■ **ACTIVITY**
Write out, word for word, every line in the data below from the one containing "(indicator A)) Y" to the one containing "t) \<omega>) (state t \<omega>)", both of them included.

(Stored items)
>>>
text \<open>Jointly Gaussian and uncorrelated implies independent.\<close>

lemma set_nn_integral_exp_uncorrelated:
  assumes "finite I" "p ` I \<subseteq> {0..1}" "lincomb Y"
    and uncorrelated: "\<And>j. j \<in> I \<Longrightarrow> cov Y (B (p j)) = 0"
    and A: "A \<in> sigma_sets (space M) {B (p i) -` C \<inter> space M | i C. i \<in> I \<and> C \<in> sets borel}"
  shows "(\<integral>\<^sup>+\<omega>\<in>A. exp (Y \<omega>) \<partial>M) = (\<integral>\<omega>. exp (Y \<omega>) \<partial>M) * emeasure M A"
proof -
  define c where "c = (\<integral>\<omega>. exp (Y \<omega>) \<partial>M)"
  have lincomb_comb: "lincomb (comb p s I)" for s
    using assms(1,2) by (rule lincomb_comb)
  have [measurable]: "Y \<in> borel_measurable M"
    using assms(3) by (rule lincomb_measurable)
  have sum_eq_comb: "(\<Sum>i\<in>I. s i * B (p i) \<omega>) = comb p s I \<omega>" for s \<omega>
    by (simp add: comb_def)
  have mgf_Y: "(\<integral>\<^sup>+\<omega>. exp (Y \<omega>) * exp (\<Sum>i\<in>I. s i * B (p i) \<omega>) \<partial>M) = ennreal (c * (\<integral>\<omega>. exp (comb p s I \<omega>) \<partial>M))" for s
  proof -
    have "cov Y (comb p s I) = 0"
      using cov_comb_right[OF assms(3,1,2)] uncorrelated by simp
    then have "(\<integral>\<omega>. exp (Y \<omega> + comb p s I \<omega>) \<partial>M) = c * (\<integral>\<omega>. exp (comb p s I \<omega>) \<partial>M)"
      unfolding c_def by (rule integral_exp_add_uncorrelated[OF assms(3) lincomb_comb])
    then show ?thesis
      using integral_exp_lincomb(1)[OF lincomb_add[OF assms(3) lincomb_comb]]
      by (simp add: sum_eq_comb nn_integral_eq_integral exp_add[symmetric] ennreal_mult[symmetric])
  qed
  have mgf_c: "(\<integral>\<^sup>+\<omega>. ennreal c * exp (\<Sum>i\<in>I. s i * B (p i) \<omega>) \<partial>M) = ennreal (c * (\<integral>\<omega>. exp (comb p s I \<omega>) \<partial>M))" for s
    using integral_exp_lincomb(1)[OF lincomb_comb]
    by (simp add: sum_eq_comb nn_integral_eq_integral c_def ennreal_mult[symmetric])
  have "{B (p i) -` C \<inter> space M | i C. i \<in> I \<and> C \<in> sets borel} \<subseteq> sets M"
    using assms(2) B_measurable by (auto intro: measurable_sets)
  then have [measurable]: "A \<in> sets M"
    using A sets.sigma_sets_subset by blast
  have "(\<integral>\<^sup>+\<omega>\<in>A. exp (Y \<omega>) \<partial>M) = (\<integral>\<^sup>+\<omega>\<in>A. c \<partial>M)"
  proof (rule set_nn_integral_eq_on_generated_of_joint_mgf_eq[OF _ assms(1) _ _ _ _ A])
    show "B (p i) \<in> borel_measurable M" if "i \<in> I" for i
      using that assms(2) B_measurable by auto
  qed (simp_all add: mgf_Y mgf_c ennreal_mult[symmetric])
  then show ?thesis
    by (simp add: c_def nn_integral_cmult_indicator)
qed

section \<open>Conditioning on the dyadic values\<close>

lemma dyadic_image_subset: "dyadic n ` {..2 ^ n} \<subseteq> {0..1}"
  using dyadic_in_unit by auto

lemma sets_gen_sigma: "sets (gen_sigma M B n) =
    sigma_sets (space M) {B (dyadic n i) -` C \<inter> space M | i C. i \<in> {..2 ^ n} \<and> C \<in> sets borel}"
  unfolding gen_sigma_def by (subst sets_measure_of) auto

lemma space_gen_sigma: "space (gen_sigma M B n) = space M"
  unfolding gen_sigma_def by (subst space_measure_of) auto

lemma subalgebra_gen_sigma: "subalgebra M (gen_sigma M B n)"
proof -
  have "{B (dyadic n i) -` C \<inter> space M | i C. i \<in> {..2 ^ n} \<and> C \<in> sets borel} \<subseteq> sets M"
    using B_measurable dyadic_in_unit by (auto intro: measurable_sets)
  then show ?thesis
    unfolding subalgebra_def sets_gen_sigma space_gen_sigma by (simp add: sets.sigma_sets_subset)
qed

lemma sigma_finite_subalgebra_gen_sigma: "sigma_finite_subalgebra M (gen_sigma M B n)"
  by (intro finite_measure_subalgebra_is_sigma_finite finite_measure_subalgebra.intro finite_measure_subalgebra_axioms.intro
      subalgebra_gen_sigma) (simp add: finite_measureI)

lemma comb_measurable_gen_sigma: "comb (dyadic n) c {..2 ^ n} \<in> borel_measurable (gen_sigma M B n)"
proof -
  have "B (dyadic n i) \<in> borel_measurable (gen_sigma M B n)" if "i \<le> 2 ^ n" for i
  proof (rule measurableI)
    fix C :: "real set" assume "C \<in> sets borel"
    then show "B (dyadic n i) -` C \<inter> space (gen_sigma M B n) \<in> sets (gen_sigma M B n)"
      unfolding sets_gen_sigma space_gen_sigma using that by blast
  qed simp
  then show ?thesis
    unfolding comb_def[abs_def] by (auto intro!: borel_measurable_sum borel_measurable_times)
qed

lemma set_integral_uncorrelated_gen_sigma:
  assumes "lincomb Y" "\<And>j. j \<le> 2 ^ n \<Longrightarrow> cov Y (B (dyadic n j)) = 0" and A: "A \<in> sets (gen_sigma M B n)"
  shows "(\<integral>\<omega>\<in>A. Y \<omega> \<partial>M) = 0"
proof -
  have [measurable]: "Y \<in> borel_measurable M" "A \<in> sets M"
    using assms(1) A subalgebra_gen_sigma by (auto simp: lincomb_measurable subalgebra_def)
  define law_on_A where "law_on_A = distr (density M (indicator A)) borel Y"
  define scaled_law where "scaled_law = distr (density M (\<lambda>_. ennreal (measure M A))) borel Y"
  have factor: "(\<integral>\<^sup>+\<omega>\<in>A. exp (t * Y \<omega>) \<partial>M) = (\<integral>\<omega>. exp (t * Y \<omega>) \<partial>M) * emeasure M A" for t
    using set_nn_integral_exp_uncorrelated[of "{..2 ^ n}" "dyadic n" "\<lambda>\<omega>. t * Y \<omega>" A]
      assms dyadic_image_subset lincomb_cmult[of Y t]
    by (simp add: cov_cmult_left sets_gen_sigma)
  have "law_on_A = scaled_law"
  proof (rule finite_measure_eq_of_mgf_eq)
    have "(\<integral>\<^sup>+y. exp (t * y) \<partial>law_on_A) = (\<integral>\<omega>. exp (t * Y \<omega>) \<partial>M) * emeasure M A" for t
      unfolding law_on_A_def factor[symmetric] by (simp add: nn_integral_distr nn_integral_density mult.commute)
    moreover have "(\<integral>\<^sup>+y. exp (t * y) \<partial>scaled_law) = (\<integral>\<omega>. exp (t * Y \<omega>) \<partial>M) * emeasure M A" for t
      using integral_exp_lincomb(1)[OF lincomb_cmult[OF assms(1)]]
      by (simp add: scaled_law_def nn_integral_distr nn_integral_density nn_integral_cmult nn_integral_eq_integral
          emeasure_eq_measure mult.commute)
    ultimately show "(\<integral>\<^sup>+y. exp (t * y) \<partial>law_on_A) < \<infinity>"
      "(\<integral>\<^sup>+y. exp (t * y) \<partial>law_on_A) = (\<integral>\<^sup>+y. exp (t * y) \<partial>scaled_law)" for t
      by (simp_all add: emeasure_eq_measure ennreal_mult_less_top)
  qed (simp_all add: law_on_A_def scaled_law_def)
  then have "(\<integral>y. y \<partial>law_on_A) = (\<integral>y. y \<partial>scaled_law)"
    by simp
  moreover have "integral\<^sup>L (density M (indicator A)) Y = (\<integral>\<omega>. indicator A \<omega> * Y \<omega> \<partial>M)"
    using integral_density[of Y M "indicator A"] by (simp add: ennreal_indicator)
  ultimately show ?thesis
    using lincomb_mean[OF assms(1)]
    by (simp add: law_on_A_def scaled_law_def integral_distr integral_density set_lebesgue_integral_def)
qed
lemma Phi_eq_potential: "Phi \<tau> \<omega> = potential n (state \<tau> \<omega>)"
  unfolding fav_Phi_def fav_mu_def potential_def centroid_def state_def Let_def by simp

lemma state_Suc:
  "state (Suc t) \<omega> = round_update s eta (S (Suc t) \<omega>) (state t \<omega>)
      (\<lambda>i. hchk_from grad xi E alpha K eta (Suc t) (snd (state t \<omega>)) \<omega> i)"
  unfolding state_def round_update_def by (simp only: fav_state.simps(2) Let_def)

lemma state_quantities_eq:
  assumes "\<forall>\<tau>\<in>{1..Suc t}. S \<tau> \<omega> \<in> client_sets n s" "\<omega> \<in> space M"
  shows "Phi t \<omega> = potential n (state_good t \<omega>)"
    and "hchk (Suc t) i \<omega> = increment t \<omega> i"
    and "Phi (Suc t) \<omega> = (\<Sum>A\<in>client_sets n s. indicator {\<omega> \<in> space M. S (Suc t) \<omega> = A} \<omega> * updated_potential t A \<omega>)"
proof -
  have state: "state t \<omega> = state_good t \<omega>"
    using assms(1) by (intro state_eq_state_good) auto
  show "Phi t \<omega> = potential n (state_good t \<omega>)"
    unfolding Phi_eq_potential state ..
  show "hchk (Suc t) i \<omega> = increment t \<omega> i"
    unfolding fav_hchk_def increment_def using state by (simp add: state_def)
  have "Phi (Suc t) \<omega> = updated_potential t (S (Suc t) \<omega>) \<omega>"
    unfolding Phi_eq_potential state_Suc updated_potential_def state increment_def ..
  also have "\<dots> = (\<Sum>A\<in>client_sets n s. if A = S (Suc t) \<omega> then updated_potential t A \<omega> else 0)"
    using assms(1) finite_client_sets by (simp add: sum.delta')
  also have "\<dots> = (\<Sum>A\<in>client_sets n s. indicator {\<omega> \<in> space M. S (Suc t) \<omega> = A} \<omega> * updated_potential t A \<omega>)"
    using assms(2) by (intro sum.cong) (auto simp: indicator_def)
  finally show "Phi (Suc t) \<omega> = \<dots>" .
qed

lemma AE_state_quantities_eq:
  shows "AE \<omega> in M. Phi t \<omega> = potential n (state_good t \<omega>)"
    and "AE \<omega> in M. hchk (Suc t) i \<omega> = increment t \<omega> i"
    and "AE \<omega> in M. Phi (Suc t) \<omega>
      = (\<Sum>A\<in>client_sets n s. indicator {\<omega> \<in> space M. S (Suc t) \<omega> = A} \<omega> * updated_potential t A \<omega>)"
  using AE_S_client_sets[of "Suc t"] AE_space by (eventually_elim, simp_all add: state_quantities_eq)+

lemma integrable_potential_state_good: "integrable M (\<lambda>\<omega>. potential n (state_good t \<omega>))"
  using int_Phi[of t] potential_state_good_measurable AE_state_quantities_eq(1)
  by (rule integrable_cong_AE_imp)

lemma integrable_increment_sq: "i < n \<Longrightarrow> integrable M (\<lambda>\<omega>. (norm (increment t \<omega> i))\<^sup>2)"
  using int_h[of "Suc t" i] increment_sq_measurable AE_state_quantities_eq(2)[of t i]
  by (auto elim!: integrable_cong_AE_imp eventually_mono)

lemma integrable_updated_potential:
  assumes A: "A \<in> client_sets n s"
  shows "integrable M (updated_potential t A)"
proof (rule Bochner_Integration.integrable_bound)
  show "integrable M (\<lambda>\<omega>. 2 * potential n (state_good t \<omega>) + 3 * real s * eta\<^sup>2 * (\<Sum>i<n. (norm (increment t \<omega> i))\<^sup>2))"
    using integrable_potential_state_good integrable_increment_sq
    by (intro Bochner_Integration.integrable_add Bochner_Integration.integrable_mult_right
        Bochner_Integration.integrable_sum) auto
  show "updated_potential t A \<in> borel_measurable M"
    using updated_potential_pre_round[OF A] by (rule measurable_pre_round_M)
  show "AE \<omega> in M. norm (updated_potential t A \<omega>)
      \<le> norm (2 * potential n (state_good t \<omega>) + 3 * real s * eta\<^sup>2 * (\<Sum>i<n. (norm (increment t \<omega> i))\<^sup>2))"
  proof (rule AE_I2)
    fix \<omega>
    obtain w z where "state_good t \<omega> = (w, z)" by fastforce
    then have "updated_potential t A \<omega>
        \<le> 2 * potential n (state_good t \<omega>) + 3 * real s * eta\<^sup>2 * (\<Sum>i<n. (norm (increment t \<omega> i))\<^sup>2)"
      using A s(1) unfolding updated_potential_def client_sets_def
      by (auto intro: potential_round_update_le_double)
    then show "norm (updated_potential t A \<omega>) \<le> norm (2 * potential n (state_good t \<omega>)
        + 3 * real s * eta\<^sup>2 * (\<Sum>i<n. (norm (increment t \<omega> i))\<^sup>2))"
      using potential_nonneg[of n "round_update s eta A (state_good t \<omega>) (increment t \<omega>)"]
      unfolding updated_potential_def real_norm_def by linarith
  qed
qed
<<<
■ **EXERCISE RESPONSE**
  moreover have "integral\<^sup>L (density M (indicator A)) Y = (\<integral>\<omega>. indicator A \<omega> * Y \<omega> \<partial>M)"
    using integral_density[of Y M "indicator A"] by (simp add: ennreal_indicator)
  ultimately show ?thesis
    using lincomb_mean[OF assms(1)]
    by (simp add: law_on_A_def scaled_law_def integral_distr integral_density set_lebesgue_integral_def)
qed
lemma Phi_eq_potential: "Phi \<tau> \<omega> = potential n (state \<tau> \<omega>)"
  unfolding fav_Phi_def fav_mu_def potential_def centroid_def state_def Let_def by simp

lemma state_Suc:
  "state (Suc t) \<omega> = round_update s eta (S (Suc t) \<omega>) (state t \<omega>)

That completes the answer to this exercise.